• Task item:
From the entries below, work out the number of lines that hold the word "using", and give that number alone.

• Material for this exercise:
(* Each estimator is an affine function of a ratio T n / V n, where T n is the average of
   c (X i) over i = 1..n for a fixed weight function c on genotypes and V n is nu2bar or nu3bar.
   By Hoeffding's inequality for the independent bounded variables c (X i), T n is close in
   probability to its mean, and the weights are chosen so that the mean of c (X i) is a constant
   multiple k of p i * (1 - p i), resp. of p i * (1 - p i) * (1 - 2 * p i).  So T n - k * V n
   tends to 0 in probability, and since V n tends to a nonzero limit, T n / V n tends to k. *)

lemma (in prob_space) wlln_bounded:
  fixes Y :: "nat \<Rightarrow> 'a \<Rightarrow> real"
  assumes indep: "indep_vars (\<lambda>_. borel) Y {1..}"
    and bounded: "\<And>i \<omega>. i \<ge> 1 \<Longrightarrow> \<omega> \<in> space M \<Longrightarrow> \<bar>Y i \<omega>\<bar> \<le> B"
  shows "conv_in_prob M (\<lambda>n \<omega>. (\<Sum>i=1..n. Y i \<omega> - expectation (Y i)) / real n) 0"
  unfolding conv_in_prob_def
proof (intro allI impI)
  fix e :: real assume e: "e > 0"
  define C where "C = max B 1"
  have "C > 0" by (simp add: C_def)
  have bound: "prob {\<omega>\<in>space M. e < \<bar>(\<Sum>i=1..n. Y i \<omega> - expectation (Y i)) / real n - 0\<bar>}
      \<le> 2 * exp (- (e\<^sup>2 / (2 * C\<^sup>2)) * real n)" if "n \<ge> 1" for n
  proof -
    interpret Hoeffding_ineq M "{1..n}" Y "\<lambda>_. - C" "\<lambda>_. C" "\<Sum>i=1..n. expectation (Y i)"
    proof unfold_locales
      show "indep_vars (\<lambda>_. borel) Y {1..n}"
        by (rule indep_vars_subset[OF indep]) auto
      show "AE \<omega> in M. Y i \<omega> \<in> {- C..C}" if "i \<in> {1..n}" for i
        using bounded[of i] that by (intro AE_I2) (force simp: C_def abs_le_iff)
    qed simp_all
    have "prob {\<omega>\<in>space M. e < \<bar>(\<Sum>i=1..n. Y i \<omega> - expectation (Y i)) / real n - 0\<bar>}
        \<le> prob {\<omega>\<in>space M. \<bar>(\<Sum>i\<in>{1..n}. Y i \<omega>) - (\<Sum>i=1..n. expectation (Y i))\<bar> \<ge> e * n}"
      using that by (intro finite_measure_mono)
        (auto simp: sum_subtractf abs_divide field_simps)
    also have "\<dots> \<le> 2 * exp (-2 * (e * n)\<^sup>2 / (\<Sum>i\<in>{1..n}. (C - - C)\<^sup>2))"
      using \<open>C > 0\<close> e that by (intro Hoeffding_ineq_abs_ge) auto
    also have "\<dots> = 2 * exp (- (e\<^sup>2 / (2 * C\<^sup>2)) * real n)"
      using that by (simp add: power2_eq_square field_simps)
    finally show ?thesis .
  qed
  have "(\<lambda>n. 2 * exp (- (e\<^sup>2 / (2 * C\<^sup>2))) ^ n) \<longlonglongrightarrow> 0"
    using e \<open>C > 0\<close> by (intro tendsto_mult_right_zero LIMSEQ_power_zero) auto
  then have limit: "(\<lambda>n. 2 * exp (- (e\<^sup>2 / (2 * C\<^sup>2)) * real n)) \<longlonglongrightarrow> 0"
    by (simp only: exp_of_nat2_mult)
  show "(\<lambda>n. prob {\<omega>\<in>space M. e < \<bar>(\<Sum>i=1..n. Y i \<omega> - expectation (Y i)) / real n - 0\<bar>}) \<longlonglongrightarrow> 0"
    by (rule tendsto_sandwich[OF _ eventually_sequentiallyI[of 1, OF bound] tendsto_const limit])
      simp_all
qed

• Result for this exercise:
5